■ Task statement: When you find the line with "using F_row total" among the records below, reproduce it and each line after it exactly, ending with the line with "s)) has_sum conv".

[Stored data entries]
——————
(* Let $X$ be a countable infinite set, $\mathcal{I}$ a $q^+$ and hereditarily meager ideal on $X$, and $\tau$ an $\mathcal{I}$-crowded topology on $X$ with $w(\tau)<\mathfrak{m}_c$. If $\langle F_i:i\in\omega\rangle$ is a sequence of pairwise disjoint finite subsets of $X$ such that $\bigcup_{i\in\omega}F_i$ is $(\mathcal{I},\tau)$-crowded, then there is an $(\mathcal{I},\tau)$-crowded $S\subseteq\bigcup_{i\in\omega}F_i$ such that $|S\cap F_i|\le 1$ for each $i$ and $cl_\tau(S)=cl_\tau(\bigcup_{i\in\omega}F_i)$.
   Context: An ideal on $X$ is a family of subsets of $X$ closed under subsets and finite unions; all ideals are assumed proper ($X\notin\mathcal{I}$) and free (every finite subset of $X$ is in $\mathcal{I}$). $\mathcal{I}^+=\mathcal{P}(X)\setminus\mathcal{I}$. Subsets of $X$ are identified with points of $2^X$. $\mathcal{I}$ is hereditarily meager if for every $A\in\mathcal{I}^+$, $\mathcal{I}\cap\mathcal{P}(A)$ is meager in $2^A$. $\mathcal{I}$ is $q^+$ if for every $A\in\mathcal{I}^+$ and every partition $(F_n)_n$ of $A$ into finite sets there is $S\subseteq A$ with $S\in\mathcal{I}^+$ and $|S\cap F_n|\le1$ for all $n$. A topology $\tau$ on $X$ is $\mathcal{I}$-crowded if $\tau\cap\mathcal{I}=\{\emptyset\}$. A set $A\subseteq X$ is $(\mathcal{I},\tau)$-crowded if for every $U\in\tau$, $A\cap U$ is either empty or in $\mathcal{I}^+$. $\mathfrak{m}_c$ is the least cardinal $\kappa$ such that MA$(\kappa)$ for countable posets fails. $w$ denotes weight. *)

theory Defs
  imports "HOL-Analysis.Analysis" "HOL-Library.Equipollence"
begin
——————
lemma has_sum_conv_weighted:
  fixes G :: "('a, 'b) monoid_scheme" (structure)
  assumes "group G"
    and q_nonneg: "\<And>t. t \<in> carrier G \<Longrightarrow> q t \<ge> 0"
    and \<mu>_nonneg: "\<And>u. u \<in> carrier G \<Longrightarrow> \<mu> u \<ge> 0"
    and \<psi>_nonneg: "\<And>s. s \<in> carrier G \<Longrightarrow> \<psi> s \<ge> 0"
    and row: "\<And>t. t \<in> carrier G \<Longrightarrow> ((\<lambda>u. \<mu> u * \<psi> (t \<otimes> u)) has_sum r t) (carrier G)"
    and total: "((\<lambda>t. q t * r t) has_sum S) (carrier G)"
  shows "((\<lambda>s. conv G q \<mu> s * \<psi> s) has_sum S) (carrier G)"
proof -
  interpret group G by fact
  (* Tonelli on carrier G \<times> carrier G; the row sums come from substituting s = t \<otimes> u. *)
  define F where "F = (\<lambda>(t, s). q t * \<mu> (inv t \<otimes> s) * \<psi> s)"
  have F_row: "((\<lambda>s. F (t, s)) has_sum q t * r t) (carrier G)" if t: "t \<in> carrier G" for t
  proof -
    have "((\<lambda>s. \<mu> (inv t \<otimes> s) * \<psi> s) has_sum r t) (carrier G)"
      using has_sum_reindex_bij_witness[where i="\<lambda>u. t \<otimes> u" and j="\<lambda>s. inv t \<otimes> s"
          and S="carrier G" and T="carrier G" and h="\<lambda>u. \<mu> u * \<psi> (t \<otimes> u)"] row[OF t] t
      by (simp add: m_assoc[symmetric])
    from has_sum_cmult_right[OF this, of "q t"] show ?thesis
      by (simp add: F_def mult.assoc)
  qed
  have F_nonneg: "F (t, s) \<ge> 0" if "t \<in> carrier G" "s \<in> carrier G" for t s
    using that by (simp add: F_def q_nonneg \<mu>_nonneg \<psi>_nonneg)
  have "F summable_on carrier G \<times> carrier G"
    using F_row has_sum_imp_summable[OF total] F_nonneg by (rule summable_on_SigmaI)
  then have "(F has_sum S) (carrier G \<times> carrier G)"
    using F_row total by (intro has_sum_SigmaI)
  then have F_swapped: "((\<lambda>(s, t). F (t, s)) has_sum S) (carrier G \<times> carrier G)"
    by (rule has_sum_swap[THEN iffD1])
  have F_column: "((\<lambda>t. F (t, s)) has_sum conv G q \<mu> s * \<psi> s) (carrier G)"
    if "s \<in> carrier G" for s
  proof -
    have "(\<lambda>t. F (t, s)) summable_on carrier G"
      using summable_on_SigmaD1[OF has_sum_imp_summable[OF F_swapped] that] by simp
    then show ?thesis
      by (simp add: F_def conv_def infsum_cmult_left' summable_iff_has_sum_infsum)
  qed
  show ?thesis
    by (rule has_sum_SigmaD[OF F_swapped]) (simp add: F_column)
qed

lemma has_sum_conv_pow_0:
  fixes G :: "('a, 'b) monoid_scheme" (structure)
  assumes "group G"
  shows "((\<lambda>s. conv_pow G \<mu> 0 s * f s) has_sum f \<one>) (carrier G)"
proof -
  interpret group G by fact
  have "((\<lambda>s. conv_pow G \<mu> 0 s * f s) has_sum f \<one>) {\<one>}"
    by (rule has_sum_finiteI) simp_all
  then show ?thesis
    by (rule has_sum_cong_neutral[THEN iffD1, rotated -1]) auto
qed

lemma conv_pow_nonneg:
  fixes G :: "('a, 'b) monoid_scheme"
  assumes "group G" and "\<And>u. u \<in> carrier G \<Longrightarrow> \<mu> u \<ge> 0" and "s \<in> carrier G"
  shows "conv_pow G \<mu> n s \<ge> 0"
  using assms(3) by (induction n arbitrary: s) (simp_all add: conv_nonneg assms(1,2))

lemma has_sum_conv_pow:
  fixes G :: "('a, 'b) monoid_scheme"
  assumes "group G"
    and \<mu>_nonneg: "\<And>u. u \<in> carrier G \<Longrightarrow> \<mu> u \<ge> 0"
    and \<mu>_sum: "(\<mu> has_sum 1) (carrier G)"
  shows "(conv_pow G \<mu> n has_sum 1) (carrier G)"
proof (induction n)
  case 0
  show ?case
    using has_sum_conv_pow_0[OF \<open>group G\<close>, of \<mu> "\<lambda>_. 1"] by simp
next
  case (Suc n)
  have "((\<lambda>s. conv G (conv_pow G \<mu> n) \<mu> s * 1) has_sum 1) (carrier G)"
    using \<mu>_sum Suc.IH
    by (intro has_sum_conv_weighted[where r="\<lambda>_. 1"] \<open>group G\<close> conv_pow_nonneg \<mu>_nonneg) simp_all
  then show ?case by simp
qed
——————
■ Output of the exercise:
    using F_row total by (intro has_sum_SigmaI)
  then have F_swapped: "((\<lambda>(s, t). F (t, s)) has_sum S) (carrier G \<times> carrier G)"
    by (rule has_sum_swap[THEN iffD1])
  have F_column: "((\<lambda>t. F (t, s)) has_sum conv G q \<mu> s * \<psi> s) (carrier G)"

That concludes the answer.